REQUIREMENT —
Copy the listing out in full. Keep every word as it is.

___

(* Let $x_0\in C^\eta_p$ (some $\eta\in\mathbb{N}^p$) be continuous on $[-\tau,0]$, and let $x:[-\tau,T]\to\mathbb{R}^d$ be a solution with initial segment $x_0$. Let $m,\bar m\in\mathbb{N}$ with $\bar m\ge1$, $0<\varepsilon_1,\varepsilon_2<h$, $t_1=mh+\varepsilon_1$, $t_2=(m+\bar m)h+\varepsilon_2$, with $(m+\bar m+1)h+\varepsilon_2\le T$, and $n=\lfloor m/p\rfloor-1\ge0$. For $k\in\{0,\dots,n+1\}$ and $i\in\{0,\dots,p\}$ let $L^{[k]}_i$, $C^{[k]}_{i,j}$ ($j=1,\dots,\bar m$), $R^{[k]}_i$, $\widetilde R^{[k]}_i$ be boxes such that $x^{[k]}(s)$ lies in $L^{[k]}_i$ for $s\in[(m-i)h+\varepsilon_1,(m-i+1)h]$, in $C^{[k]}_{i,j}$ for $s\in[(m-i+j)h,(m-i+j+1)h]$, in $R^{[k]}_i$ for $s\in[(m-i+\bar m)h,(m-i+\bar m)h+\varepsilon_2]$, and in $\widetilde R^{[k]}_i$ for $s\in[(m-i+\bar m+1)h,(m-i+\bar m+1)h+\varepsilon_2]$. Then for every $t\in[t_1,t_2]$: (a) $x_t\in C^n_p$ and $x_t\in C^{n+1}([-\tau,0])$; (b) $z(x_t)\in\mathrm{hull}\big(L^{[0]}_0,C^{[0]}_{0,1},\dots,C^{[0]}_{0,\bar m-1},R^{[0]}_0\big)$; (c) for $i\in\{1,\dots,p\}$, $k\in\{0,\dots,n\}$: $j_{i,[k]}(x_t)\in\mathrm{hull}\big(L^{[k]}_i,C^{[k]}_{i,1},\dots,C^{[k]}_{i,\bar m-1},R^{[k]}_i\big)$; (d) for $i\in\{1,\dots,p\}$ and $s\in[0,h)$: $\xi_i(x_t)(s)\in\mathrm{hull}\big(L^{[n+1]}_i,C^{[n+1]}_{i,1},\dots,C^{[n+1]}_{i,\bar m},\widetilde R^{[n+1]}_i\big)$.
   Context: Fix integers $d\ge1$, $p\ge1$, a delay $\tau>0$, and set $h=\tau/p$, grid points $t_i=-ih$. Let $f:\mathbb{R}^d\times\mathbb{R}^d\to\mathbb{R}^d$ be $C^\infty$ and consider the DDE $x'(t)=f(x(t),x(t-\tau))$. Segments: $x_t(s)=x(t+s)$, $s\in[-\tau,0]$. For $g$ of class $C^k$, $g^{[k]}:=g^{(k)}/k!$ (one-sided derivatives at endpoints). For $\eta\in\mathbb{N}^p$, $C^\eta_p$ is the set of $x:[-\tau,0]\to\mathbb{R}^d$ such that for each $i$ the restriction of $x$ to $[t_i,t_i+h)$ coincides with the restriction of some $\tilde x_i\in C^{\eta_i+1}([t_i,t_i+h])$; for $s\in[t_i,t_i+h)$, $x^{[k]}(s):=\tilde x_i^{[k]}(s)$. $C^n_p:=C^{(n,\dots,n)}_p$. For $x\in C^n_p$: $z(x)=x(0)$, $j_{i,[k]}(x)=x^{[k]}(t_i)$ for $0\le k\le n$, and $\xi_i(x)(s)=x^{[n+1]}(t_i+s)$ for $s\in[0,h)$. A solution on $[-\tau,T]$ with initial segment $x_0$ is $x:[-\tau,T]\to\mathbb{R}^d$ with $x|_{[-\tau,0]}=x_0$, continuous on $[0,T]$, whose right derivative at each $t\in[0,T)$ exists and equals $f(x(t),x(t-\tau))$. A box is a product of $d$ compact intervals; $\mathrm{hull}(A_1,\dots,A_r)$ is the smallest box containing $A_1\cup\dots\cup A_r$. *)

theory Defs
  imports "HOL-Analysis.Analysis"
begin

___

EXERCISE SOLUTION —
(* Let $x_0\in C^\eta_p$ (some $\eta\in\mathbb{N}^p$) be continuous on $[-\tau,0]$, and let $x:[-\tau,T]\to\mathbb{R}^d$ be a solution with initial segment $x_0$. Let $m,\bar m\in\mathbb{N}$ with $\bar m\ge1$, $0<\varepsilon_1,\varepsilon_2<h$, $t_1=mh+\varepsilon_1$, $t_2=(m+\bar m)h+\varepsilon_2$, with $(m+\bar m+1)h+\varepsilon_2\le T$, and $n=\lfloor m/p\rfloor-1\ge0$. For $k\in\{0,\dots,n+1\}$ and $i\in\{0,\dots,p\}$ let $L^{[k]}_i$, $C^{[k]}_{i,j}$ ($j=1,\dots,\bar m$), $R^{[k]}_i$, $\widetilde R^{[k]}_i$ be boxes such that $x^{[k]}(s)$ lies in $L^{[k]}_i$ for $s\in[(m-i)h+\varepsilon_1,(m-i+1)h]$, in $C^{[k]}_{i,j}$ for $s\in[(m-i+j)h,(m-i+j+1)h]$, in $R^{[k]}_i$ for $s\in[(m-i+\bar m)h,(m-i+\bar m)h+\varepsilon_2]$, and in $\widetilde R^{[k]}_i$ for $s\in[(m-i+\bar m+1)h,(m-i+\bar m+1)h+\varepsilon_2]$. Then for every $t\in[t_1,t_2]$: (a) $x_t\in C^n_p$ and $x_t\in C^{n+1}([-\tau,0])$; (b) $z(x_t)\in\mathrm{hull}\big(L^{[0]}_0,C^{[0]}_{0,1},\dots,C^{[0]}_{0,\bar m-1},R^{[0]}_0\big)$; (c) for $i\in\{1,\dots,p\}$, $k\in\{0,\dots,n\}$: $j_{i,[k]}(x_t)\in\mathrm{hull}\big(L^{[k]}_i,C^{[k]}_{i,1},\dots,C^{[k]}_{i,\bar m-1},R^{[k]}_i\big)$; (d) for $i\in\{1,\dots,p\}$ and $s\in[0,h)$: $\xi_i(x_t)(s)\in\mathrm{hull}\big(L^{[n+1]}_i,C^{[n+1]}_{i,1},\dots,C^{[n+1]}_{i,\bar m},\widetilde R^{[n+1]}_i\big)$.
   Context: Fix integers $d\ge1$, $p\ge1$, a delay $\tau>0$, and set $h=\tau/p$, grid points $t_i=-ih$. Let $f:\mathbb{R}^d\times\mathbb{R}^d\to\mathbb{R}^d$ be $C^\infty$ and consider the DDE $x'(t)=f(x(t),x(t-\tau))$. Segments: $x_t(s)=x(t+s)$, $s\in[-\tau,0]$. For $g$ of class $C^k$, $g^{[k]}:=g^{(k)}/k!$ (one-sided derivatives at endpoints). For $\eta\in\mathbb{N}^p$, $C^\eta_p$ is the set of $x:[-\tau,0]\to\mathbb{R}^d$ such that for each $i$ the restriction of $x$ to $[t_i,t_i+h)$ coincides with the restriction of some $\tilde x_i\in C^{\eta_i+1}([t_i,t_i+h])$; for $s\in[t_i,t_i+h)$, $x^{[k]}(s):=\tilde x_i^{[k]}(s)$. $C^n_p:=C^{(n,\dots,n)}_p$. For $x\in C^n_p$: $z(x)=x(0)$, $j_{i,[k]}(x)=x^{[k]}(t_i)$ for $0\le k\le n$, and $\xi_i(x)(s)=x^{[n+1]}(t_i+s)$ for $s\in[0,h)$. A solution on $[-\tau,T]$ with initial segment $x_0$ is $x:[-\tau,T]\to\mathbb{R}^d$ with $x|_{[-\tau,0]}=x_0$, continuous on $[0,T]$, whose right derivative at each $t\in[0,T)$ exists and equals $f(x(t),x(t-\tau))$. A box is a product of $d$ compact intervals; $\mathrm{hull}(A_1,\dots,A_r)$ is the smallest box containing $A_1\cup\dots\cup A_r$. *)

theory Defs
  imports "HOL-Analysis.Analysis"
begin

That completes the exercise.